A normal, idempotent linear operator must be self-adjoint

I have been trying to solve this problem for quite a while. I am still unsure of whether any of the avenues I have pursued have been of any use. Any advice will be much appreciated.

Question:

Let $V$ be a finite-dimensional inner product space, and let $E$ be an idempotent linear operator on $V$. Prove that if $EE^* = E^*E$, then $E$ is self-adjoint.
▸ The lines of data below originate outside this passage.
(* Let $X,Y$ be real Banach spaces with a bilinear map $\langle\cdot,\cdot\rangle\colon X\times Y\to\mathbb{R}$ satisfying (B1)–(B5) below. Let $\mathcal{I}\subset\mathbb{N}$ be infinite, $n\in\mathbb{N}$, $L\in2\mathbb{N}$ and $\eta>0$. Then for all bounded sequences $(x_j)$ in $X$ and $(y_j)$ in $Y$ there exists an infinite set $\Lambda\subset\mathcal{I}$ such that $$\sup\Bigl\{\Bigl|\Bigl\langle\sum_{k\in\mathcal{B}}\varepsilon_kx_k,y_j\Bigr\rangle\Bigr|:\mathcal{B}\subset\Lambda,\ |\mathcal{B}|=L,\ \varepsilon\in\mathcal{E}(\mathcal{B}),\ 1\le j\le n\Bigr\}\le\eta,$$ $$\sup\Bigl\{\Bigl|\Bigl\langle x_j,\sum_{k\in\mathcal{B}}\varepsilon_ky_k\Bigr\rangle\Bigr|:\mathcal{B}\subset\Lambda,\ |\mathcal{B}|=L,\ \varepsilon\in\mathcal{E}(\mathcal{B}),\ 1\le j\le n\Bigr\}\le\eta,$$ where $\mathcal{E}(\mathcal{B})=\{(\varepsilon_k)\in\{\pm1\}^{\mathcal{B}}:\sum_{k\in\mathcal{B}}\varepsilon_k=0\}$.
   Context: Standing assumptions: (B1) if $\langle x,y\rangle=0$ for all $y\in Y$ then $x=0$; (B2) if $\langle x,y\rangle=0$ for all $x\in X$ then $y=0$; (B3) there is $C_d>0$ with $|\langle x,y\rangle|\le C_d\|x\|\|y\|$; and there are normalized sequences $(e_j)\subset X$, $(f_j)\subset Y$ with (B4) $\langle e_j,f_k\rangle=1$ if $j=k$ and $0$ otherwise, and (B5) every $x\in X$ has the unique representation $x=\sum_j\langle x,f_j\rangle e_j$ converging in $\sigma(X,Y)$, the locally convex topology on $X$ generated by the seminorms $x\mapsto|\langle x,y\rangle|$, $y\in Y$. *)

theory Defs
  imports "HOL-Analysis.Analysis"
begin

text \<open>Standing assumptions (B1)--(B5) on a bilinear pairing p between real Banach
spaces, with a normalized biorthogonal system (e, f).  Convergence in sigma(X,Y)
of a series means convergence of the pairing of partial sums with every y.\<close>

definition dual_pair_with_basis ::
  "('a::banach \<Rightarrow> 'b::banach \<Rightarrow> real) \<Rightarrow> (nat \<Rightarrow> 'a) \<Rightarrow> (nat \<Rightarrow> 'b) \<Rightarrow> bool" where
  "dual_pair_with_basis p e f \<longleftrightarrow>
     bilinear p \<and>
     (\<forall>x. (\<forall>y. p x y = 0) \<longrightarrow> x = 0) \<and>
     (\<forall>y. (\<forall>x. p x y = 0) \<longrightarrow> y = 0) \<and>
     (\<exists>C>0. \<forall>x y. \<bar>p x y\<bar> \<le> C * norm x * norm y) \<and>
     (\<forall>j. norm (e j) = 1) \<and> (\<forall>j. norm (f j) = 1) \<and>
     (\<forall>j k. p (e j) (f k) = (if j = k then 1 else 0)) \<and>
     (\<forall>x y. (\<lambda>N. p (\<Sum>j<N. p x (f j) *\<^sub>R e j) y) \<longlonglongrightarrow> p x y) \<and>
     (\<forall>x a. (\<forall>y. (\<lambda>N. p (\<Sum>j<N. a j *\<^sub>R e j) y) \<longlonglongrightarrow> p x y)
            \<longrightarrow> (\<forall>j. a j = p x (f j)))"

definition balanced_signs :: "nat set \<Rightarrow> (nat \<Rightarrow> real) set" where
  "balanced_signs B = {\<epsilon>. (\<forall>k\<in>B. \<epsilon> k = 1 \<or> \<epsilon> k = -1) \<and> (\<Sum>k\<in>B. \<epsilon> k) = 0}"

end

theory Submission
  imports Defs
begin

text \<open>All pairings \<open>p (x k) (y j)\<close> and \<open>p (x j) (y k)\<close>, \<open>1 \<le> j \<le> n\<close>, are bounded, so rounding
them down to a grid of mesh \<open>\<delta>\<close> leaves only finitely many patterns as \<open>k\<close> ranges over \<open>I\<close>.
By the pigeonhole principle infinitely many \<open>k\<close> share one pattern; on that set \<open>\<Lambda>\<close> each of
these pairings varies by less than \<open>\<delta>\<close>. Since a balanced sign vector has zero sum,
\<open>\<Sum>\<^sub>k \<epsilon>\<^sub>k a\<^sub>k = \<Sum>\<^sub>k \<epsilon>\<^sub>k (a\<^sub>k - a\<^sub>k\<^sub>0)\<close>, which is at most \<open>L \<delta> \<le> \<eta>\<close> in absolute value.\<close>

lemma dual_pair_with_basis_bounded_bilinear:
  assumes "dual_pair_with_basis p e f"
  shows "bounded_bilinear p"
proof
  have bil: "bilinear p" and "\<exists>C>0. \<forall>u v. \<bar>p u v\<bar> \<le> C * norm u * norm v"
    using assms unfolding dual_pair_with_basis_def by blast+
  then obtain C where C: "\<And>u v. \<bar>p u v\<bar> \<le> C * norm u * norm v"
    by blast
  show "p (u + u') v = p u v + p u' v" "p u (v + v') = p u v + p u v'"
    "p (r *\<^sub>R u) v = r *\<^sub>R p u v" "p u (r *\<^sub>R v) = r *\<^sub>R p u v" for u u' v v' r
    using bil by (simp_all add: bilinear_ladd bilinear_radd bilinear_lmul bilinear_rmul)
  show "\<exists>K. \<forall>u v. norm (p u v) \<le> norm u * norm v * K"
    using C by (auto simp: mult_ac)
qed

lemma (in bounded_bilinear) bounded_on_bounded_sets:
  assumes "bounded A" and "bounded B"
  shows "\<exists>M. \<forall>a\<in>A. \<forall>b\<in>B. norm (prod a b) \<le> M"
proof -
  obtain K where K: "K \<ge> 0" "\<And>a b. norm (prod a b) \<le> norm a * norm b * K"
    using nonneg_bounded by blast
  obtain MA MB where MA: "\<forall>a\<in>A. norm a \<le> MA" and MB: "\<forall>b\<in>B. norm b \<le> MB"
    using assms bounded_iff by metis
  have "norm (prod a b) \<le> MA * MB * K" if "a \<in> A" "b \<in> B" for a b
  proof -
    have "norm a * norm b \<le> MA * MB"
      using that MA MB by (intro mult_mono) (auto intro: order_trans[OF norm_ge_zero])
    then show ?thesis
      using K by (meson mult_right_mono order_trans)
  qed
  then show ?thesis by blast
qed

lemma abs_diff_less_if_floor_divide_eq:
  fixes u v \<delta> :: real
  assumes "\<delta> > 0" and "\<lfloor>u / \<delta>\<rfloor> = \<lfloor>v / \<delta>\<rfloor>"
  shows "\<bar>u - v\<bar> < \<delta>"
proof -
  have "real_of_int \<lfloor>u / \<delta>\<rfloor> = real_of_int \<lfloor>v / \<delta>\<rfloor>"
    using assms(2) by simp
  then have "\<bar>u / \<delta> - v / \<delta>\<bar> < 1"
    using floor_correct[of "u / \<delta>"] floor_correct[of "v / \<delta>"] by linarith
  then have "\<bar>u - v\<bar> / \<delta> < 1"
    using assms(1) by (simp add: abs_div_pos diff_divide_distrib)
  then show ?thesis
    using assms(1) by (simp add: pos_divide_less_eq)
qed

lemma infinite_subset_small_oscillation:
  fixes a :: "'j \<Rightarrow> 'i \<Rightarrow> real"
  assumes "infinite I" and "finite J" and "\<delta> > 0"
    and bounded: "\<And>j k. j \<in> J \<Longrightarrow> k \<in> I \<Longrightarrow> \<bar>a j k\<bar> \<le> M"
  shows "\<exists>\<Lambda>\<subseteq>I. infinite \<Lambda> \<and> (\<forall>j\<in>J. \<forall>k\<in>\<Lambda>. \<forall>k'\<in>\<Lambda>. \<bar>a j k - a j k'\<bar> < \<delta>)"
proof -
  define pattern where "pattern k = restrict (\<lambda>j. \<lfloor>a j k / \<delta>\<rfloor>) J" for k
  have "\<lfloor>a j k / \<delta>\<rfloor> \<in> {\<lfloor>- M / \<delta>\<rfloor>..\<lfloor>M / \<delta>\<rfloor>}" if "j \<in> J" "k \<in> I" for j k
    using bounded[OF that] \<open>\<delta> > 0\<close>
      divide_right_mono[of "- M" "a j k" \<delta>] divide_right_mono[of "a j k" M \<delta>]
    by (auto intro!: floor_mono simp: abs_le_iff)
  then have "pattern ` I \<subseteq> (\<Pi>\<^sub>E j\<in>J. {\<lfloor>- M / \<delta>\<rfloor>..\<lfloor>M / \<delta>\<rfloor>})"
    by (auto simp: pattern_def)
  then have "finite (pattern ` I)"
    using \<open>finite J\<close> by (blast intro: finite_subset finite_PiE)
  then obtain k0 where "infinite {k\<in>I. pattern k = pattern k0}"
    using pigeonhole_infinite[OF \<open>infinite I\<close>] by blast
  moreover have "\<bar>a j k - a j k'\<bar> < \<delta>"
    if "j \<in> J" and "pattern k = pattern k'" for j k k'
  proof (rule abs_diff_less_if_floor_divide_eq[OF \<open>\<delta> > 0\<close>])
    show "\<lfloor>a j k / \<delta>\<rfloor> = \<lfloor>a j k' / \<delta>\<rfloor>"
      using fun_cong[OF that(2), of j] that(1) by (simp add: pattern_def)
  qed
  ultimately show ?thesis
    by (intro exI[of _ "{k\<in>I. pattern k = pattern k0}"]) auto
qed

lemma balanced_signs_sum_bound:
  fixes a :: "nat \<Rightarrow> real"
  assumes "\<epsilon> \<in> balanced_signs B"
    and oscillation: "\<And>k k'. k \<in> B \<Longrightarrow> k' \<in> B \<Longrightarrow> \<bar>a k - a k'\<bar> \<le> \<delta>"
  shows "\<bar>\<Sum>k\<in>B. \<epsilon> k * a k\<bar> \<le> real (card B) * \<delta>"
proof (cases "B = {}")
  case False
  then obtain k0 where k0: "k0 \<in> B" by blast
  have signs: "\<And>k. k \<in> B \<Longrightarrow> \<bar>\<epsilon> k\<bar> = 1" and "(\<Sum>k\<in>B. \<epsilon> k) = 0"
    using assms(1) by (auto simp: balanced_signs_def)
  then have "(\<Sum>k\<in>B. \<epsilon> k * a k) = (\<Sum>k\<in>B. \<epsilon> k * (a k - a k0))"
    by (simp add: right_diff_distrib sum_subtractf flip: sum_distrib_right)
  also have "\<bar>\<dots>\<bar> \<le> (\<Sum>k\<in>B. \<bar>\<epsilon> k * (a k - a k0)\<bar>)"
    by (rule sum_abs)
  also have "\<dots> \<le> real (card B) * \<delta>"
    using signs oscillation k0 by (intro sum_bounded_above) (simp add: abs_mult)
  finally show ?thesis .
qed simp

lemma infinite_subset_balanced_sums_small:
  fixes a :: "'j \<Rightarrow> nat \<Rightarrow> real"
  assumes "infinite I" and "finite J" and "\<eta> > 0"
    and bounded: "\<And>j k. j \<in> J \<Longrightarrow> k \<in> I \<Longrightarrow> \<bar>a j k\<bar> \<le> M"
  shows "\<exists>\<Lambda>\<subseteq>I. infinite \<Lambda> \<and> (\<forall>B \<epsilon> j. B \<subseteq> \<Lambda> \<and> card B = L \<and> \<epsilon> \<in> balanced_signs B \<and> j \<in> J \<longrightarrow>
      \<bar>\<Sum>k\<in>B. \<epsilon> k * a j k\<bar> \<le> \<eta>)"
proof -
  define \<delta> where "\<delta> = \<eta> / (real L + 1)"
  have "\<delta> > 0"
    using \<open>\<eta> > 0\<close> by (simp add: \<delta>_def)
  have L\<delta>: "real L * \<delta> \<le> \<eta>"
    using \<open>\<eta> > 0\<close> by (simp add: \<delta>_def field_simps)
  obtain \<Lambda> where "\<Lambda> \<subseteq> I" "infinite \<Lambda>" and oscillation:
    "\<And>j k k'. j \<in> J \<Longrightarrow> k \<in> \<Lambda> \<Longrightarrow> k' \<in> \<Lambda> \<Longrightarrow> \<bar>a j k - a j k'\<bar> < \<delta>"
    using infinite_subset_small_oscillation[of I J \<delta> a M] assms(1,2) \<open>\<delta> > 0\<close> bounded by blast
  have "\<bar>\<Sum>k\<in>B. \<epsilon> k * a j k\<bar> \<le> \<eta>"
    if "B \<subseteq> \<Lambda>" "card B = L" "\<epsilon> \<in> balanced_signs B" "j \<in> J" for B \<epsilon> j
  proof -
    have "\<bar>\<Sum>k\<in>B. \<epsilon> k * a j k\<bar> \<le> real (card B) * \<delta>"
    proof (rule balanced_signs_sum_bound[OF \<open>\<epsilon> \<in> balanced_signs B\<close>])
      show "\<bar>a j k - a j k'\<bar> \<le> \<delta>" if "k \<in> B" "k' \<in> B" for k k'
        using oscillation[OF \<open>j \<in> J\<close>] \<open>B \<subseteq> \<Lambda>\<close> that by (meson less_imp_le subsetD)
    qed
    then show ?thesis
      using \<open>card B = L\<close> L\<delta> by simp
  qed
  then show ?thesis
    using \<open>\<Lambda> \<subseteq> I\<close> \<open>infinite \<Lambda>\<close> by blast
qed

theorem lemma3p1:
  fixes p :: "'a::banach \<Rightarrow> 'b::banach \<Rightarrow> real"
    and e :: "nat \<Rightarrow> 'a" and f :: "nat \<Rightarrow> 'b"
    and I :: "nat set" and n L :: nat and \<eta> :: real
    and x :: "nat \<Rightarrow> 'a" and y :: "nat \<Rightarrow> 'b"
  assumes "dual_pair_with_basis p e f"
    and "infinite I" and "even L" and "\<eta> > 0"
    and "bounded (range x)" and "bounded (range y)"
  shows "\<exists>\<Lambda>. \<Lambda> \<subseteq> I \<and> infinite \<Lambda> \<and>
     (\<forall>B \<epsilon> j. B \<subseteq> \<Lambda> \<and> finite B \<and> card B = L \<and> \<epsilon> \<in> balanced_signs B \<and> 1 \<le> j \<and> j \<le> n
        \<longrightarrow> \<bar>p (\<Sum>k\<in>B. \<epsilon> k *\<^sub>R x k) (y j)\<bar> \<le> \<eta>) \<and>
     (\<forall>B \<epsilon> j. B \<subseteq> \<Lambda> \<and> finite B \<and> card B = L \<and> \<epsilon> \<in> balanced_signs B \<and> 1 \<le> j \<and> j \<le> n
        \<longrightarrow> \<bar>p (x j) (\<Sum>k\<in>B. \<epsilon> k *\<^sub>R y k)\<bar> \<le> \<eta>)"
proof -
  interpret p: bounded_bilinear p
    using assms(1) by (rule dual_pair_with_basis_bounded_bilinear)
  obtain M where M: "\<And>k j. \<bar>p (x k) (y j)\<bar> \<le> M"
    using p.bounded_on_bounded_sets[OF assms(5,6)] by (metis rangeI real_norm_def)
  obtain \<Lambda>\<^sub>1 where "\<Lambda>\<^sub>1 \<subseteq> I" "infinite \<Lambda>\<^sub>1" and small\<^sub>1:
    "\<And>B \<epsilon> j. B \<subseteq> \<Lambda>\<^sub>1 \<Longrightarrow> card B = L \<Longrightarrow> \<epsilon> \<in> balanced_signs B \<Longrightarrow> j \<in> {1..n} \<Longrightarrow>
      \<bar>\<Sum>k\<in>B. \<epsilon> k * p (x k) (y j)\<bar> \<le> \<eta>"
    using infinite_subset_balanced_sums_small[of I "{1..n}" \<eta> "\<lambda>j k. p (x k) (y j)" M L]
      assms(2,4) M
    by auto
  obtain \<Lambda> where "\<Lambda> \<subseteq> \<Lambda>\<^sub>1" "infinite \<Lambda>" and small:
    "\<And>B \<epsilon> j. B \<subseteq> \<Lambda> \<Longrightarrow> card B = L \<Longrightarrow> \<epsilon> \<in> balanced_signs B \<Longrightarrow> j \<in> {1..n} \<Longrightarrow>
      \<bar>\<Sum>k\<in>B. \<epsilon> k * p (x j) (y k)\<bar> \<le> \<eta>"
    using infinite_subset_balanced_sums_small[of \<Lambda>\<^sub>1 "{1..n}" \<eta> "\<lambda>j k. p (x j) (y k)" M L]
      \<open>infinite \<Lambda>\<^sub>1\<close> assms(4) M
    by auto
  have "\<Lambda> \<subseteq> I"
    using \<open>\<Lambda> \<subseteq> \<Lambda>\<^sub>1\<close> \<open>\<Lambda>\<^sub>1 \<subseteq> I\<close> by blast
  moreover have "\<bar>p (\<Sum>k\<in>B. \<epsilon> k *\<^sub>R x k) (y j)\<bar> \<le> \<eta>"
    if "B \<subseteq> \<Lambda>" "card B = L" "\<epsilon> \<in> balanced_signs B" "j \<in> {1..n}" for B \<epsilon> j
    using small\<^sub>1[of B \<epsilon> j] that \<open>\<Lambda> \<subseteq> \<Lambda>\<^sub>1\<close> by (simp add: p.sum_left p.scaleR_left)
  moreover have "\<bar>p (x j) (\<Sum>k\<in>B. \<epsilon> k *\<^sub>R y k)\<bar> \<le> \<eta>"
    if "B \<subseteq> \<Lambda>" "card B = L" "\<epsilon> \<in> balanced_signs B" "j \<in> {1..n}" for B \<epsilon> j
    using small[OF that] by (simp add: p.sum_right p.scaleR_right)
  ultimately show ?thesis
    using \<open>infinite \<Lambda>\<close> by (intro exI[of _ \<Lambda>]) auto
qed

end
(This is essentially exercise 5(a) in sec. 80 on p.162 of Paul R. Halmos, Finite-Dimensional Vector Spaces, but Halmos didn't assume that the dimension of $V$ is finite.)

Solution 1:

If $E$ is normal, $\| E x \| = \|E^* x \|$ for all $x$. Similarly, $I-E$ is normal, so $\|(I-E) x\| = \|(I - E^*)x \|$. In particular, since $(I-E)Ex = 0$, $(I-E^*)Ex = 0$, i.e. $E^* E = E$, and similarly since $E(I-E)x = 0$, $E^*(I-E)x = 0$, i.e. $E^* E = E^* $. But those together say $E = E^*$.

Solution 2:

Update. As $E$ is normal and idempotent, direct calculation shows that $$ (E-E^\ast E)^\ast(E-E^\ast E)=0=(E^\ast-E^\ast E)^\ast(E^\ast-E^\ast E).\tag{1} $$ Note that for any linear operator $A$, if $A^\ast A=0$, then $\langle Ax,Ax\rangle=\langle x,A^\ast Ax\rangle=0$ for every vector $x$, so that $A=0$. It follows from $(1)$ that $E-E^\ast E=0=E^\ast-E^\ast E$. Hence $E=E^\ast E=E^\ast$.

The equality $EE^\ast=E^\ast E$ implies that $(E+E^\ast-I)(E-E^\ast)=0$. If you can show that $E+E^\ast-I$ is invertible, you are done.

Suppose $(E+E^\ast -I)v=0$. Left-mulitply the equation by $E^\ast$, we get $E^\ast Ev=0$. Hence show that $Ev=0$. Since $EE^\ast=E^\ast E$, similarly, show that $E^\ast v=0$. Now, consider the equation $(E+E^\ast -I)v=0$ again and show that $E+E^\ast -I$ is invertible.